◆ **Assigned task**:
Every line below between the one holding "0, f (i mod" and the one holding "proof (rule ccontr)", inclusive, should be copied exactly, and no other line.

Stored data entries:
----

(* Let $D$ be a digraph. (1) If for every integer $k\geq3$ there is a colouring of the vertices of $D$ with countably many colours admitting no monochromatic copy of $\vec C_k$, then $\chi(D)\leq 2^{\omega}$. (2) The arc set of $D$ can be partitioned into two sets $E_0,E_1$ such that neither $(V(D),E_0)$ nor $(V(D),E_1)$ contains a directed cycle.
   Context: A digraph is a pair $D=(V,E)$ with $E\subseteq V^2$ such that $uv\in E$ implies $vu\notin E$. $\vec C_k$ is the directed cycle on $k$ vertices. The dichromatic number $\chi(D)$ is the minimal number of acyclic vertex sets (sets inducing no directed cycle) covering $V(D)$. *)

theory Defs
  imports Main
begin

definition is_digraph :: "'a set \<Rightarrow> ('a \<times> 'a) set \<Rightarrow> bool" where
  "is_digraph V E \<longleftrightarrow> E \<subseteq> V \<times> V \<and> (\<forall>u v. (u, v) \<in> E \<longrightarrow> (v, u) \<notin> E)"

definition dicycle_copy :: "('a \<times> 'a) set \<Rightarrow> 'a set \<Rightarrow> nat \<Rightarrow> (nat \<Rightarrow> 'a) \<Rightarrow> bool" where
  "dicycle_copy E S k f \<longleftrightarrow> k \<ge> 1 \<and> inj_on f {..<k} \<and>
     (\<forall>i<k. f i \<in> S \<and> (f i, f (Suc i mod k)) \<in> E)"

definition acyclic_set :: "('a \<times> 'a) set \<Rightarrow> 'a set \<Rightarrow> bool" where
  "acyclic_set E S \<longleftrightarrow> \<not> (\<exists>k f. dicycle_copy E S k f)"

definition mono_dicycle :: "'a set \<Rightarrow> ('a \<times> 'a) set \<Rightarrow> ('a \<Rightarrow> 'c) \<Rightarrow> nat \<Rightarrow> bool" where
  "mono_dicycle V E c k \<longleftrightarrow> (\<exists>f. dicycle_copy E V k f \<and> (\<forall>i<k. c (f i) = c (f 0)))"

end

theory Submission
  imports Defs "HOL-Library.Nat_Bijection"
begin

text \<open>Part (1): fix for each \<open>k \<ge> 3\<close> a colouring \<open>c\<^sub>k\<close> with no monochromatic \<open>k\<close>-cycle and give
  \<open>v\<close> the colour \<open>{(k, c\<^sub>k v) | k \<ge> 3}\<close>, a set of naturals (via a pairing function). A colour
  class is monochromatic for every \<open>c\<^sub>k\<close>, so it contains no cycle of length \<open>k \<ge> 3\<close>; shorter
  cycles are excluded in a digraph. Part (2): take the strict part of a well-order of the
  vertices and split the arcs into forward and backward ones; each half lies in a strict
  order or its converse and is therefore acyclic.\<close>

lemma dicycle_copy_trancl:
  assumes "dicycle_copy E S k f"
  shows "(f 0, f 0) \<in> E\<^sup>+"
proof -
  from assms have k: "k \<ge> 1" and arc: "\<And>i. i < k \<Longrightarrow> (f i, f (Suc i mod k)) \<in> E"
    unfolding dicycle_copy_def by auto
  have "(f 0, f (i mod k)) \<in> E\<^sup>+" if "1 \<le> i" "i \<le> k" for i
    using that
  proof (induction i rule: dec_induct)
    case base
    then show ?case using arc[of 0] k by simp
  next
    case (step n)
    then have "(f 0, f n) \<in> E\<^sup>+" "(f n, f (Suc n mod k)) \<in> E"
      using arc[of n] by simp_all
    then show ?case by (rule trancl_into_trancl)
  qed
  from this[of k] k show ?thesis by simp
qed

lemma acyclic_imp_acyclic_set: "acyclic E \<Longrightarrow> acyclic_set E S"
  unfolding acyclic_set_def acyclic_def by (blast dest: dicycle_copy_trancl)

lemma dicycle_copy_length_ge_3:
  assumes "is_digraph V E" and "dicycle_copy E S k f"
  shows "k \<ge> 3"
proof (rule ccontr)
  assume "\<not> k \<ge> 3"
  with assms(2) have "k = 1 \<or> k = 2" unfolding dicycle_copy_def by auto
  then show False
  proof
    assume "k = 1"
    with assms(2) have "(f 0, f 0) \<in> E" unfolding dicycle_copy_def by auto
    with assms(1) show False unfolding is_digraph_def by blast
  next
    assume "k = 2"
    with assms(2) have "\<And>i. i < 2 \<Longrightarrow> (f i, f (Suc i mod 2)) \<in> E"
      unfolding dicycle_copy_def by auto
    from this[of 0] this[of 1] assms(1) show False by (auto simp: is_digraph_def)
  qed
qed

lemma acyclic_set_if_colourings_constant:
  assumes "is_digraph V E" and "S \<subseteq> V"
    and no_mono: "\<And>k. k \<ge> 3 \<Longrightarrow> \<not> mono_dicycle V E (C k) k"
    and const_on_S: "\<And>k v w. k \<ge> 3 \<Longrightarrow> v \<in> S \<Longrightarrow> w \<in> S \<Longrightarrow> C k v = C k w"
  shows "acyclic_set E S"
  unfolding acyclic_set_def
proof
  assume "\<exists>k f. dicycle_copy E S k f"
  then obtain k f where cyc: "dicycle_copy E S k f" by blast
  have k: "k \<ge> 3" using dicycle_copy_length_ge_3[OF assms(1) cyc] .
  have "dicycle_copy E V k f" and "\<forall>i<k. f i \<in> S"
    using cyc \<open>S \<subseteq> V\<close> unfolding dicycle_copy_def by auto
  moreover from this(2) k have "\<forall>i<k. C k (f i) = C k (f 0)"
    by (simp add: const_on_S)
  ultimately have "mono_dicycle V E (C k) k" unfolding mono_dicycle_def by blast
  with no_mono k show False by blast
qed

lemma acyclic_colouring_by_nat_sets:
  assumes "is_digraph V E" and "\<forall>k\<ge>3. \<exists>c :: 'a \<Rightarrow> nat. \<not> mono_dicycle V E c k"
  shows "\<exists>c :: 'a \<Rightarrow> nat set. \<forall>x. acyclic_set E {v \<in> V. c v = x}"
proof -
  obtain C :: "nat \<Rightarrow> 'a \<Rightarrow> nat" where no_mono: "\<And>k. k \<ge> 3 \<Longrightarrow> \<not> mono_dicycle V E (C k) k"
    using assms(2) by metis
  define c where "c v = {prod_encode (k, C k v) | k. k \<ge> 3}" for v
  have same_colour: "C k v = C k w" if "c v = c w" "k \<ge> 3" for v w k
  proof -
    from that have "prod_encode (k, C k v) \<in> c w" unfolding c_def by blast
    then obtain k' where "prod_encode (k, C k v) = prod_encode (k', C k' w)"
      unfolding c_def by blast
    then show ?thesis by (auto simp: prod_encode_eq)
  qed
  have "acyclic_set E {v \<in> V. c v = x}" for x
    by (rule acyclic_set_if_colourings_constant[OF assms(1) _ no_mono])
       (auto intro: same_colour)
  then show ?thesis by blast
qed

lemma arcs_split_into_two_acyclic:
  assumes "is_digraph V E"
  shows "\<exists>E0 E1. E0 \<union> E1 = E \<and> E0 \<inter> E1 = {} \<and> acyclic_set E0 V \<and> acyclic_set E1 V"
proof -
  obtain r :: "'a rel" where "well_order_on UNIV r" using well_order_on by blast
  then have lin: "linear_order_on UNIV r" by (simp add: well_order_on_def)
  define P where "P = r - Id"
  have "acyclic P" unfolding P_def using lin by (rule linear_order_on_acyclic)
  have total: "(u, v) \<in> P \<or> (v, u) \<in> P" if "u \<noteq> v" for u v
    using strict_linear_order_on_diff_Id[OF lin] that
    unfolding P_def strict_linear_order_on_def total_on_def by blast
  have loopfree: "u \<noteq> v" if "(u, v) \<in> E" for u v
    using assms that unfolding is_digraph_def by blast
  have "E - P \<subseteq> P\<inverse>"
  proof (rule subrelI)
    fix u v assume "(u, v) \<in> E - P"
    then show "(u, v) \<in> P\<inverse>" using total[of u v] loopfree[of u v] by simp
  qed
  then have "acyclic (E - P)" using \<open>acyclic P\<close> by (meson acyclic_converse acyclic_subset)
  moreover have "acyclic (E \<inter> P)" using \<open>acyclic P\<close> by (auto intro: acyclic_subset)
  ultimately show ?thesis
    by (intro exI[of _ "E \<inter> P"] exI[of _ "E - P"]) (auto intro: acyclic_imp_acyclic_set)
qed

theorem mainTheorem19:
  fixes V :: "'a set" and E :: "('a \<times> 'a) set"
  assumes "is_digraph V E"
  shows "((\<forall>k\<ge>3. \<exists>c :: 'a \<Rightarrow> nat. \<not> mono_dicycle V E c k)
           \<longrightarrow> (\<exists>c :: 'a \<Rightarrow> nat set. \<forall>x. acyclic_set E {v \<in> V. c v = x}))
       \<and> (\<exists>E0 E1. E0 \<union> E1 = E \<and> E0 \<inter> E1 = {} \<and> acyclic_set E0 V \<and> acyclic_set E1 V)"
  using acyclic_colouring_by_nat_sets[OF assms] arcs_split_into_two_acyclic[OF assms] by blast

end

----

◆ **Your response**:
  have "(f 0, f (i mod k)) \<in> E\<^sup>+" if "1 \<le> i" "i \<le> k" for i
    using that
  proof (induction i rule: dec_induct)
    case base
    then show ?case using arc[of 0] k by simp
  next
    case (step n)
    then have "(f 0, f n) \<in> E\<^sup>+" "(f n, f (Suc n mod k)) \<in> E"
      using arc[of n] by simp_all
    then show ?case by (rule trancl_into_trancl)
  qed
  from this[of k] k show ?thesis by simp
qed

lemma acyclic_imp_acyclic_set: "acyclic E \<Longrightarrow> acyclic_set E S"
  unfolding acyclic_set_def acyclic_def by (blast dest: dicycle_copy_trancl)

lemma dicycle_copy_length_ge_3:
  assumes "is_digraph V E" and "dicycle_copy E S k f"
  shows "k \<ge> 3"
proof (rule ccontr)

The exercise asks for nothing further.